Consumers demand free shipping (and you know they can get it at Amazon), so shipping costs absorb the savings of not having to run a physical store. Higher returns counteract less shrinkage problems. And so many online stores also have physical stores that the idea of ​​reducing staff costs may not be realized. Is e-commerce worth it?

Does the reach of your products need to be extended to succeed?

Starting by asking yourself this question, it forms the basis for switching to or from an e-commerce model. Building an e-commerce presence will largely depend on the products you offer, which requires developing a combination of offline and online marketing strategies to give your products and services the visibility they need to stand out from the crowd.
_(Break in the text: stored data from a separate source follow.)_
text \<open>The reversing automorphism \<open>g\<close> is given by an explicit integer matrix, and every
  property used is checked by exact integer arithmetic.  \<open>g\<close> is an involutive isometry
  of \<open>L\<close> with \<open>g - 1 = N G\<close> for an integral \<open>N\<close> (\<open>G\<close> the Gram matrix), so \<open>g\<close> is trivial
  on \<open>L\<^sup>*/L\<close>.  Its \<open>-1\<close>-eigenspace is spanned by lattice vectors \<open>f\<^sub>0, \<dots>, f\<^sub>1\<^sub>2\<close> with
  \<open>f\<^sub>0\<^sup>2 < 0\<close>, and every lattice vector orthogonal to all \<open>f\<^sub>m\<close> has norm divisible by 4.
  Hence no \<open>v \<in> V\<^sub>2 \<union> V\<^sub>6\<close> is orthogonal to the whole eigenspace, each mirror meets the
  curve \<open>t \<mapsto> \<Sum>\<^sub>i t\<^sup>i f\<^sub>i\<close> in finitely many points, and a point \<open>x\<close> of this curve with small
  \<open>t > 0\<close> is negative and off all mirrors.  Since \<open>g x = -x\<close> and automorphisms permute the
  cells, \<open>g\<close> maps the cell of \<open>x\<close> to the cell of \<open>-x\<close>.\<close>

lemma sum_lessThan_eq_sum_list: "(\<Sum>k<n. f k) = sum_list (map f [0..<n])"
  by (simp add: sum_set_upt_conv_sum_list_nat[symmetric] atLeast0LessThan)

lemma all_lessThan_eq_list_all: "(\<forall>i<n. P i) \<longleftrightarrow> list_all P [0..<n]"
  by (auto simp: list_all_iff)

lemma involution_image_eq:
  assumes "\<And>x. h (h x) = x" and "\<And>x. x \<in> A \<Longrightarrow> h x \<in> A"
  shows "h ` A = A"
  using assms by (metis image_eqI subsetI subset_antisym image_subsetI)

definition ix :: "nat \<Rightarrow> 19" where
  "ix k = Abs_bit1 (int k)"

lemma idx_ix [simp]: "k < 19 \<Longrightarrow> idx (ix k) = k"
  unfolding idx_def ix_def by (subst Abs_bit1_inverse) auto

lemma idx_less: "idx i < 19"
  using Rep_bit1[of i] unfolding idx_def by auto

lemma ix_idx [simp]: "ix (idx i) = i"
  using Rep_bit1[of i] unfolding idx_def ix_def by (simp add: Rep_bit1_inverse)

lemma sum_UNIV_19: "(\<Sum>i\<in>UNIV. f i) = (\<Sum>k<19. f (ix k))"
proof -
  have "bij_betw ix {..<19} UNIV"
    by (rule bij_betwI[where g = idx]) (auto simp: idx_less)
  then show ?thesis by (simp add: sum.reindex_bij_betw)
qed

definition coord :: "real^19 \<Rightarrow> nat \<Rightarrow> real" where
  "coord x k = x $ ix k"

lemma coord_add [simp]: "coord (x + y) k = coord x k + coord y k"
  and coord_scaleR [simp]: "coord (c *\<^sub>R x) k = c * coord x k"
  and coord_minus [simp]: "coord (- x) k = - coord x k"
  and coord_diff [simp]: "coord (x - y) k = coord x k - coord y k"
  by (simp_all add: coord_def)

lemma coord_sum [simp]: "coord (\<Sum>j\<in>J. f j) k = (\<Sum>j\<in>J. coord (f j) k)"
  by (simp add: coord_def)

lemma vec_eq_coordI:
  assumes "\<And>k. k < 19 \<Longrightarrow> coord x k = coord y k"
  shows "x = y"
proof (rule vec_eq_iff[THEN iffD2], rule allI)
  fix i
  show "x $ i = y $ i" using assms[OF idx_less[of i]] by (simp add: coord_def)
qed

lemma latL_iff_coord: "x \<in> latL \<longleftrightarrow> (\<forall>k<19. coord x k \<in> \<int>)"
proof
  assume "\<forall>k<19. coord x k \<in> \<int>"
  then have "x $ i \<in> \<int>" for i using idx_less[of i] by (auto simp: coord_def)
  then show "x \<in> latL" by (simp add: latL_def)
qed (simp add: latL_def coord_def)

definition lvec :: "int list \<Rightarrow> real^19" where
  "lvec r = (\<chi> i. of_int (r ! idx i))"

lemma coord_lvec [simp]: "k < 19 \<Longrightarrow> coord (lvec r) k = of_int (r ! k)"
  by (simp add: lvec_def coord_def)

lemma countable_latL: "countable latL"
proof -
  have "latL \<subseteq> range (\<lambda>z. \<chi> i. of_int (z i) :: real^19)"
  proof
    fix x :: "real^19" assume "x \<in> latL"
    then have "x = (\<chi> i. of_int \<lfloor>x $ i\<rfloor>)"
      unfolding latL_def by (auto simp: vec_eq_iff elim!: Ints_cases)
    then show "x \<in> range (\<lambda>z. \<chi> i. of_int (z i) :: real^19)"
      by (intro image_eqI[where x = "\<lambda>i. \<lfloor>x $ i\<rfloor>"]) auto
  qed
  then show ?thesis by (rule countable_subset) simp
qed

subsection \<open>Explicit lattice data\<close>

text \<open>The data were found by computer; only the identities proved below are used.
  \<open>gram_rows\<close> is the Gram matrix \<open>G\<close> of \<open>L\<close>, \<open>aut_rows\<close> the matrix \<open>R\<close> of the automorphism
  and \<open>disc_rows\<close> the matrix \<open>N\<close> with \<open>R - 1 = N G\<close>.  The row \<open>b\<^sub>j\<close> of
  \<open>perp_basis\<close> is the vector orthogonal to all \<open>f\<^sub>m\<close> whose coordinates at \<open>perp_coords\<close> are
  those of the \<open>j\<close>-th unit vector; \<open>perp_certificate\<close> expresses \<open>4 (u - \<Sum>\<^sub>j u(p j) b\<^sub>j)\<close>,
  \<open>p = perp_coords\<close>, as a combination of the pairings of \<open>u\<close> with the \<open>f\<^sub>m\<close>.\<close>

definition gram_rows :: "int list list" where
  "gram_rows =
    [[-2,0,0,0,0,0,0,0,0,0,0,0,0,0,0,0,0,0,0],
     [0,2,-1,0,0,0,0,0,0,0,0,0,0,0,0,0,0,0,0],
     [0,-1,2,0,0,0,0,0,0,0,0,0,0,0,0,0,0,0,0],
     [0,0,0,2,-1,0,0,0,0,0,0,0,0,0,0,0,0,0,0],
     [0,0,0,-1,2,-1,0,0,0,0,0,0,0,0,0,0,0,0,0],
     [0,0,0,0,-1,2,-1,0,0,0,0,0,0,0,0,0,0,0,0],
     [0,0,0,0,0,-1,2,-1,0,0,0,0,0,0,0,0,0,0,0],
     [0,0,0,0,0,0,-1,2,-1,0,-1,0,0,0,0,0,0,0,0],
     [0,0,0,0,0,0,0,-1,2,-1,0,0,0,0,0,0,0,0,0],
     [0,0,0,0,0,0,0,0,-1,2,0,0,0,0,0,0,0,0,0],
     [0,0,0,0,0,0,0,-1,0,0,2,0,0,0,0,0,0,0,0],
     [0,0,0,0,0,0,0,0,0,0,0,2,-1,0,0,0,0,0,0],
     [0,0,0,0,0,0,0,0,0,0,0,-1,2,-1,0,0,0,0,0],
     [0,0,0,0,0,0,0,0,0,0,0,0,-1,2,-1,0,0,0,0],
     [0,0,0,0,0,0,0,0,0,0,0,0,0,-1,2,-1,0,0,0],
     [0,0,0,0,0,0,0,0,0,0,0,0,0,0,-1,2,-1,0,-1],
     [0,0,0,0,0,0,0,0,0,0,0,0,0,0,0,-1,2,-1,0],
     [0,0,0,0,0,0,0,0,0,0,0,0,0,0,0,0,-1,2,0],
     [0,0,0,0,0,0,0,0,0,0,0,0,0,0,0,-1,0,0,2]]"

definition aut_rows :: "int list list" where
  "aut_rows =
    [[-25,12,-12,0,0,0,-3,12,-12,3,-6,-9,0,6,3,-9,3,0,6],
     [-8,3,-4,0,0,0,-1,4,-4,1,-2,-3,0,2,1,-3,1,0,2],
     [8,-4,3,0,0,0,1,-4,4,-1,2,3,0,-2,-1,3,-1,0,-2],
     [6,-3,3,0,0,0,1,-3,3,-1,1,2,0,-2,0,2,0,-1,-2],
     [12,-6,6,0,0,0,2,-6,6,-2,2,3,1,-4,-1,5,-1,-1,-4],
     [18,-9,9,0,0,0,3,-9,9,-3,3,5,2,-6,-1,7,-2,-1,-6],
     [24,-12,12,0,0,0,4,-12,12,-4,4,7,3,-8,-2,9,-2,-2,-7],
     [24,-12,12,0,0,0,5,-13,12,-4,4,7,3,-8,-2,9,-2,-2,-7],
     [30,-15,15,0,0,0,5,-15,14,-4,6,10,2,-9,-3,11,-3,-1,-8],
     [12,-6,6,0,0,0,2,-6,6,-2,2,4,1,-4,-1,4,-1,0,-3],
     [18,-9,9,0,0,0,3,-9,9,-3,3,6,1,-5,-2,7,-2,-1,-5],
     [6,-3,3,0,-1,0,1,-3,3,-1,2,2,0,-1,-1,2,-1,0,-1],
     [-6,3,-3,-1,-1,0,0,3,-3,0,-1,-2,0,2,0,-2,0,0,2],
     [-18,9,-9,-1,-1,0,-2,9,-9,1,-3,-6,0,5,1,-6,1,0,5],
     [-18,9,-9,-1,-1,0,-2,9,-9,1,-3,-6,0,6,0,-6,1,0,5],
     [-12,6,-6,-2,0,-1,-1,6,-6,0,-1,-4,0,5,-1,-4,0,0,4],
     [-12,6,-6,-1,0,-1,-1,6,-6,1,-2,-4,0,4,0,-4,0,0,4],
     [-6,3,-3,-1,0,0,-1,3,-3,1,-1,-2,0,2,0,-2,0,0,2],
     [-12,6,-6,-1,0,-1,-1,6,-6,1,-2,-4,0,4,0,-4,1,0,3]]"

definition disc_rows :: "int list list" where
  "disc_rows =
    [[13,4,-4,-3,-6,-9,-12,-12,-15,-6,-9,-3,3,9,9,6,6,3,6],
     [4,0,-2,-1,-2,-3,-4,-4,-5,-2,-3,-1,1,3,3,2,2,1,2],
     [-4,-2,0,1,2,3,4,4,5,2,3,1,-1,-3,-3,-2,-2,-1,-2],
     [-3,-1,1,-2,-3,-4,-5,-7,-3,-2,-3,0,-2,-4,-4,-4,-3,-2,-3],
     [-6,-2,2,-3,-6,-8,-10,-14,-6,-4,-6,0,-3,-7,-7,-6,-5,-3,-5],
     [-9,-3,3,-4,-8,-12,-15,-21,-9,-6,-9,1,-3,-9,-9,-8,-7,-4,-7],
     [-12,-4,4,-5,-10,-15,-20,-28,-12,-8,-12,2,-3,-11,-11,-9,-8,-5,-8],
     [-12,-4,4,-7,-14,-21,-28,-40,-20,-12,-18,2,-3,-11,-11,-9,-8,-5,-8],
     [-15,-5,5,-3,-6,-9,-12,-20,-6,-5,-7,3,-4,-13,-13,-10,-9,-5,-9],
     [-6,-2,2,-2,-4,-6,-8,-12,-5,-4,-5,1,-2,-6,-6,-5,-4,-2,-4],
     [-9,-3,3,-3,-6,-9,-12,-18,-7,-5,-8,2,-2,-7,-7,-5,-5,-3,-5],
     [-3,-1,1,0,0,1,2,2,3,1,2,-2,-5,-8,-10,-11,-8,-4,-6],
     [3,1,-1,-2,-3,-3,-3,-3,-4,-2,-2,-5,-8,-10,-14,-18,-12,-6,-8],
     [9,3,-3,-4,-7,-9,-11,-11,-13,-6,-7,-8,-10,-12,-18,-25,-16,-8,-10],
     [9,3,-3,-4,-7,-9,-11,-11,-13,-6,-7,-10,-14,-18,-28,-37,-24,-12,-16],
     [6,2,-2,-4,-6,-8,-9,-9,-10,-5,-5,-11,-18,-25,-37,-48,-32,-16,-22],
     [6,2,-2,-3,-5,-7,-8,-8,-9,-4,-5,-8,-12,-16,-24,-32,-22,-11,-14],
     [3,1,-1,-2,-3,-4,-5,-5,-5,-2,-3,-4,-6,-8,-12,-16,-11,-6,-7],
     [6,2,-2,-3,-5,-7,-8,-8,-9,-4,-5,-6,-8,-10,-16,-22,-14,-7,-10]]"

definition minus_eigvecs :: "int list list" where
  "minus_eigvecs =
    [[6,2,-2,0,0,0,0,2,-2,0,0,-2,0,2,1,-1,0,0,1],
     [1,1,-1,-3,-6,-9,-3,-21,-15,-6,-9,-3,-6,0,0,-3,-3,3,-3],
     [0,2,0,-1,-2,-3,0,-8,-5,-2,-3,-1,-3,-1,-1,-2,-2,1,-2],
     [0,0,2,1,2,3,0,8,5,2,3,1,3,1,1,2,2,-1,2],
     [0,0,0,1,0,0,0,0,0,0,0,0,1,1,1,2,1,1,1],
     [0,0,0,0,1,0,0,0,0,0,0,1,1,1,1,0,0,0,0],
     [0,0,0,0,0,1,0,0,0,0,0,0,0,0,0,1,1,0,1],
     [0,0,0,0,0,0,1,-1,-1,1,0,0,0,1,1,1,0,0,0],
     [0,0,0,0,0,0,0,-2,-1,-2,-1,-1,-2,-2,-2,-3,-2,0,0],
     [0,0,0,0,0,0,0,0,1,-2,-1,-1,-2,-2,-4,-5,-2,0,-2],
     [0,0,0,0,0,0,0,0,0,2,0,2,4,6,4,6,6,2,0],
     [0,0,0,0,0,0,0,0,0,0,-2,2,2,4,0,2,4,2,-2],
     [0,0,0,0,0,0,0,0,0,0,0,2,4,6,4,6,8,4,0]]"

definition minus_eigvecs_dual :: "int list list" where
  "minus_eigvecs_dual =
    [[-12,6,-6,0,0,0,-2,6,-6,2,-2,-4,0,3,1,-4,1,0,3],
     [-2,3,-3,0,0,-9,24,-15,-3,3,3,0,-9,6,3,0,-6,9,-3],
     [0,4,-2,0,0,-4,11,-8,0,1,2,1,-4,2,1,1,-3,4,-2],
     [0,-2,4,0,0,4,-11,8,0,-1,-2,-1,4,-2,-1,-1,3,-4,2],
     [0,0,0,2,-1,0,0,0,0,0,0,-1,1,0,-1,1,-1,1,0],
     [0,0,0,-1,2,-1,0,0,0,0,0,1,0,0,1,-1,0,0,0],
     [0,0,0,0,-1,2,-1,0,0,0,0,0,0,0,-1,0,1,-1,1],
     [0,0,0,0,0,-1,3,-2,-2,3,1,0,-1,1,0,1,-1,0,-1],
     [0,0,0,0,0,0,2,-2,2,-3,0,0,-1,0,1,-2,-1,2,3],
     [0,0,0,0,0,0,0,0,4,-5,-2,0,-1,2,-1,-2,1,2,1],
     [0,0,0,0,0,0,0,0,-2,4,0,0,0,4,-4,2,4,-2,-6],
     [0,0,0,0,0,0,0,2,0,0,-4,2,-2,6,-6,2,4,0,-6],
     [0,0,0,0,0,0,0,0,0,0,0,0,0,4,-4,0,6,0,-6]]"

definition perp_basis :: "int list list" where
  "perp_basis =
    [[3,1,-1,0,3,3,3,3,0,0,0,-3,0,0,0,0,0,0,0],
     [0,0,0,1,-1,-1,0,0,0,0,0,1,0,0,0,-1,0,-1,0],
     [0,0,0,0,0,0,1,1,1,1,0,0,0,-1,-1,-1,0,0,0],
     [0,0,0,0,2,2,2,2,1,0,1,-1,0,0,0,1,0,0,0],
     [0,0,0,0,-1,0,0,0,0,0,0,1,1,1,1,0,0,0,0],
     [0,0,0,0,0,-1,0,0,0,0,0,0,0,0,0,1,1,0,1]]"

definition perp_certificate :: "int list list" where
  "perp_certificate =
    [[0,-2,-3,-3,-6,-12,-18,-6,24,-12,9,3,-3],
     [0,0,0,0,0,0,0,0,0,0,0,0,0],
     [0,0,2,2,0,0,0,0,0,0,0,0,0],
     [0,0,0,0,0,0,0,0,0,0,0,0,0],
     [-12,72,-28,22,162,320,474,180,-634,320,-246,-78,84],
     [-24,144,-52,46,334,664,994,416,-1340,682,-536,-164,188],
     [8,-48,12,-18,-126,-252,-378,-192,520,-270,220,64,-82],
     [4,-24,4,-10,-66,-132,-198,-104,272,-142,116,34,-44],
     [0,0,0,0,-4,-8,-12,-16,18,-10,12,2,-6],
     [0,0,0,0,0,0,0,0,0,0,0,0,0],
     [0,0,0,0,0,0,0,0,0,0,0,0,0],
     [4,-24,12,-6,-50,-96,-142,-44,188,-94,68,24,-22],
     [0,0,0,0,0,0,0,0,0,0,0,0,0],
     [-20,120,-40,40,288,576,864,392,-1176,604,-480,-144,172],
     [-32,192,-64,64,456,912,1368,608,-1860,952,-756,-228,270],
     [-28,168,-56,56,396,788,1180,508,-1600,816,-644,-196,228],
     [-8,48,-16,16,112,224,336,144,-456,232,-184,-56,66],
     [-20,120,-40,40,288,572,856,380,-1162,594,-474,-142,170],
     [0,0,0,0,0,0,0,0,0,0,0,0,0]]"

definition perp_coords :: "nat list" where
  "perp_coords = [1, 3, 9, 10, 12, 18]"

lemma gramL_eq_gram_rows: "\<forall>k<19. \<forall>l<19. gramL k l = gram_rows ! k ! l"
  unfolding all_lessThan_eq_list_all gram_rows_def gramL_def e8_gram_def e8_edge_def
  by code_simp
(* Let $\Gamma$ be a valued structure with finite signature $\tau$ and domain $C$, let $\Delta$ be a valued $\tau$-structure with finite domain $D$ such that there is a fractional homomorphism from $\Delta$ to $\Gamma$, and let $m\ge2$ be an integer. If $\Gamma$ has an $m$-ary fully symmetric fractional polymorphism, then there is a fractional homomorphism from $\mathcal{P}^m(\Delta)$ to $\Gamma$.
   Context: A valued structure consists of a signature $\tau$ of function symbols with arities, a domain, and for each $f\in\tau$ a cost function from the domain to the power $\mathrm{ar}(f)$ into $\mathbb{Q}\cup\{+\infty\}$. A fractional homomorphism from a valued $\tau$-structure $\Delta$ (domain $D$) to $\Gamma$ (domain $C$) is a map $\omega\colon C^D\to\mathbb{Q}_{\ge0}$ with finite support and $\sum_g\omega(g)=1$ such that $\sum_g\omega(g)f^\Gamma(g(a))\le f^\Delta(a)$ for all $f\in\tau$, $a\in D^{\mathrm{ar}(f)}$ ($g$ applied componentwise). An $m$-ary fractional polymorphism of $\Gamma$ is a map $\omega$ from operations $C^m\to C$ to $\mathbb{Q}_{\ge0}$ with finite support, $\sum_g\omega(g)=1$, and $\sum_g\omega(g)f^\Gamma(g(a^1,\dots,a^m))\le\frac1m\sum_{i=1}^m f^\Gamma(a^i)$ for all $f\in\tau$, $a^1,\dots,a^m\in C^{\mathrm{ar}(f)}$. It is fully symmetric if every operation in its support satisfies $g(x_1,\dots,x_m)=g(x_{\pi(1)},\dots,x_{\pi(m)})$ for all permutations $\pi$. The multiset structure $\mathcal{P}^m(\Delta)$ is the valued $\tau$-structure whose domain is the set of multisets of size $m$ of elements of $D$, with, for $k$-ary $f\in\tau$ and multisets $\alpha_1,\dots,\alpha_k$, $f^{\mathcal{P}^m(\Delta)}(\alpha_1,\dots,\alpha_k)=\frac1m\min\sum_{i=1}^m f^\Delta(t^1_i,\dots,t^k_i)$, the minimum over all $t^1,\dots,t^k\in D^m$ such that the multiset of coordinates of $t^l$ is $\alpha_l$ for each $l$. *)

theory Defs
  imports "HOL-Library.Extended_Real" "HOL-Library.Multiset" "HOL-Library.FuncSet"
          "HOL-Combinatorics.Permutations"
begin

text \<open>A valued structure over (tau, ar) is given by a domain A (a set) and a cost map
  F :: 's => 'a list => ereal, where F f is only meaningful on lists of length ar f
  with entries in A.\<close>

definition rat_or_inf :: "ereal \<Rightarrow> bool" where
  "rat_or_inf x \<longleftrightarrow> x = \<infinity> \<or> (\<exists>q::rat. x = ereal (of_rat q))"
(* Let $q\ge2$ and let $f$ be a $q$-regular sequence with a zero-insensitive minimal linear representation $(\mathbf{u},(M_i)_{0\le i<q},\mathbf{v})$, so that $f(n)=\mathbf{u}^t M_{n_0}M_{n_1}\cdots M_{n_L}\mathbf{v}$ where $n_L\cdots n_0$ is the $q$-ary expansion of $n$. Let $r$ be a nonnegative integer. Then the following are equivalent: (i) $f$ is $q$-quasimultiplicative with parameter $r$, i.e. $f(q^{k+r}a+b)=f(a)f(b)$ for all nonnegative integers $a,b,k$ with $0\le b<q^k$; (ii) $M_0^r=\mathbf{v}\mathbf{u}^t$.
   Context: A function $f$ on the nonnegative integers is $q$-regular if $f(n)=\mathbf{u}^t\mathbf{f}(n)$ for a vector $\mathbf{u}$ and a vector-valued function $\mathbf{f}$ for which there are square matrices $M_0,\dots,M_{q-1}$ with $\mathbf{f}(qn+i)=M_i\mathbf{f}(n)$ for all $0\le i<q$ and $qn+i>0$; set $\mathbf{v}=\mathbf{f}(0)$. Equivalently $f(n)=\mathbf{u}^t M_{n_0}M_{n_1}\cdots M_{n_L}\mathbf{v}$ for the $q$-ary expansion $n_L\cdots n_0$ of $n$. The triple $(\mathbf{u},(M_i)_{0\le i<q},\mathbf{v})$ is a linear representation of $f$; it is zero-insensitive if $M_0\mathbf{v}=\mathbf{v}$, and minimal if the dimension of the matrices is minimal among all linear representations of $f$. *)

theory Defs
  imports "Jordan_Normal_Form.Matrix"
begin

function lr_vec :: "nat \<Rightarrow> (nat \<Rightarrow> 'a::comm_semiring_0 mat) \<Rightarrow> 'a vec \<Rightarrow> nat \<Rightarrow> 'a vec" where
  "lr_vec q M v n = (if n = 0 \<or> q < 2 then v else (M (n mod q)) *\<^sub>v (lr_vec q M v (n div q)))"
  by auto
termination
  by (relation "measure (\<lambda>(q, M, v, n). n)") auto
However, this is a trick: can you sell your services in such a way as to stand out from the rest?

For example, a small boutique sells special goat milk soap. An internet search engine reveals many stores selling a similar product. However, if you adjust the search parameters to make them more specific, you’ll only find a dozen stores selling the same fragrances you have.

Is e-commerce worth it?

So who needs e-commerce?

E-commerce is growing faster than physical retail purchases. This is definitely a wave of the future. However, the idea of ​​opening a small online boutique and picking up money while relaxing on the beach is not really useful. When does e-commerce make financial sense? Check if you recognize yourself here:

  • Brands without a physical store. If you have a specialized brand without a physical store or limited distribution in physical stores, you need to rely on e-commerce to deliver your goods to customers. Small, agile companies can handle small, agile e-commerce stores – if they sell something other than big guys.
  • Brands looking for data. A small e-commerce store can provide a lot of information about customers and their needs. Although we fully understand what HBR says about the difficulties in tracking people all along their way to buying, the example of e-commerce gives you an invaluable position as a focus group.
  • Brands with customers. Regular customers have no problem with the fact that they have many contact points on their way to purchase. They like to do research when and where they feel like it, and then buy the item anywhere, including in their pajamas. No e-commerce? Your customers won’t love you almost as much. Ecommerce is required if you have a fan community.
  • Brands with a future. We meet people who seem convinced that this matter with the Internet will end soon. They will not have a fridge that orders groceries when they run out, or a magical book-like device that will help them buy more books directly on the screen after completing their current reading. If it’s not you, you’ll probably notice that e-commerce may be important in the future.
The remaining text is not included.